SOURCE MATERIAL:
(* Let $d\in\mathbb N$, $\varepsilon\in(0,1)$, and consider Thiémard's decomposition process of $[0,1)^d$ described in the context. Let $P$ be a box generated in the process that is decomposed via DECOMPOSE$(P,j)$ for some type $j\in\{1,\dots,d\}$, and assume $\delta^P W(P)>\varepsilon$. Then for every $i\in\{j,\dots,d\}$ the child $Q^P_i$ (of type $i$) is itself decomposed, and $$\delta^{Q_i^P}=\left(\frac{W(P)-\varepsilon/\delta^P}{W(P)-\varepsilon}\right)^{\frac{1}{d-i+1}}\delta^P .$$ Moreover, the right-hand side, viewed as the function $g(\delta,w,i)=\big(\frac{w-\varepsilon/\delta}{w-\varepsilon}\big)^{1/(d-i+1)}\delta$ on the domain $\delta\in(0,1)$, $w>\varepsilon/\delta$, $i\in\{1,\dots,d\}$, is strictly increasing in $\delta$, strictly increasing in $w$, and strictly decreasing in $i$.
   Context: Fix $d\in\mathbb N$ and $\varepsilon\in(0,1]$. For $x,y\in[0,1]^d$ write $[x,y)=\prod_{i=1}^d[x_i,y_i)$ and define the weight $W([x,y))=\prod_{i=1}^d y_i-\prod_{i=1}^d x_i$. Thiémard's decomposition process generates boxes, each with a type in $\{1,\dots,d+1\}$. It starts with $I^d=[0,1)^d=[(0,\dots,0),(1,\dots,1))$, of type $1$. Whenever a generated box $P=[\alpha,\beta)$ has type $j\le d$ and $W(P)>\varepsilon$, it is decomposed (procedure DECOMPOSE$(P,j)$) as follows: put $$\delta^P=\left(\frac{\prod_{i=1}^d\beta_i-\varepsilon}{\prod_{i=1}^{j-1}\alpha_i\prod_{i=j}^d\beta_i}\right)^{1/(d-j+1)},\qquad \gamma^P_i=\alpha_i\ (i<j),\quad \gamma^P_i=\delta^P\beta_i\ (i\ge j).$$ The children of $P$ are the boxes $Q^P_k=[a^{(k)},b^{(k)})$ for $k=j,\dots,d$, where $a^{(k)}_i=\gamma^P_i$ for $i<k$, $a^{(k)}_i=\alpha_i$ for $i\ge k$, $b^{(k)}_k=\gamma^P_k$, $b^{(k)}_i=\beta_i$ for $i\neq k$; the box $Q^P_k$ has type $k$. In addition $P$ has the child $Q^P_{d+1}=[\gamma^P,\beta)$ of type $d+1$. A generated box of type $d+1$ or of weight at most $\varepsilon$ is not decomposed. (Known facts from Thiémard: $\delta^P\in(0,1)$; the process terminates after finitely many steps; $W(Q^P_{d+1})=\varepsilon$ and $W(Q^P_k)=\delta^PW(P)$ for $j\le k\le d$.) *)

theory Defs
  imports Complex_Main
begin
lemma cong_pred_iff_cong_minus_one:
  assumes "1 \<le> n"
  shows "[p = n - 1] (mod n) \<longleftrightarrow> [int p = -1] (mod int n)"
proof -
  have "[p = n - 1] (mod n) \<longleftrightarrow> [int p = int n - 1] (mod int n)"
    using assms by (simp add: cong_int_iff[symmetric] of_nat_diff)
  also have "\<dots> \<longleftrightarrow> int n dvd ((int p + 1) + (-1) * int n)"
    by (simp add: cong_iff_dvd_diff algebra_simps)
  also have "\<dots> \<longleftrightarrow> [int p = -1] (mod int n)"
    by (simp only: dvd_add_times_triv_right_iff) (simp add: cong_iff_dvd_diff)
  finally show ?thesis .
qed

lemma partial_summation_bound:
  fixes a :: "nat \<Rightarrow> real"
  assumes "A \<le> B" and bound: "\<And>m. A \<le> m \<Longrightarrow> m \<le> B \<Longrightarrow> \<bar>\<Sum>q\<le>m. a q\<bar> \<le> M"
  shows "\<bar>(\<Sum>q\<le>B. a q / q) - (\<Sum>q\<le>A. a q / q)\<bar> \<le> 2 * M / (real A + 1)"
proof -
  define S D where "S N = (\<Sum>q\<le>N. a q / q)" and "D N = (\<Sum>q\<le>N. a q)" for N
  have summation: "\<bar>S N - S A - D N / (real N + 1) + D A / (real A + 1)\<bar>
      \<le> M * (1 / (real A + 1) - 1 / (real N + 1))"
    if "A \<le> N" "N \<le> B" for N
    using that
  proof (induction N rule: dec_induct)
    case base
    then show ?case by simp
  next
    case (step N)
    define c where "c = 1 / (real N + 1) - 1 / (real N + 2)"
    have c: "0 \<le> c" by (simp add: c_def frac_le)
    have "S (Suc N) = S N + a (Suc N) / (real N + 1)" "D (Suc N) = D N + a (Suc N)"
      by (simp_all add: S_def D_def)
    then have "S (Suc N) - S A - D (Suc N) / (real (Suc N) + 1) + D A / (real A + 1)
        = (S N - S A - D N / (real N + 1) + D A / (real A + 1)) + D (Suc N) * c"
      by (simp add: c_def divide_inverse algebra_simps)
    moreover have "\<bar>D (Suc N) * c\<bar> \<le> M * c"
      using bound[of "Suc N"] step c by (simp add: D_def abs_mult mult_right_mono)
    moreover have "M * (1 / (real A + 1) - 1 / (real N + 1)) + M * c
        = M * (1 / (real A + 1) - 1 / (real (Suc N) + 1))"
      by (simp add: c_def algebra_simps)
    ultimately show ?case using step by linarith
  qed
  have "\<bar>D B / (real B + 1)\<bar> \<le> M / (real B + 1)" "\<bar>D A / (real A + 1)\<bar> \<le> M / (real A + 1)"
    using bound assms(1) by (auto simp: D_def abs_divide divide_right_mono)
  moreover have "M * (1 / (real A + 1) - 1 / (real B + 1)) = M / (real A + 1) - M / (real B + 1)"
    by (simp add: right_diff_distrib)
  ultimately show ?thesis
    using summation[OF assms(1) order.refl] unfolding S_def by linarith
qed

WORK TASK:
Report all lines in the records that include the string "thesis".

RESULT OF THIS TASK:
  finally show ?thesis .
  ultimately show ?thesis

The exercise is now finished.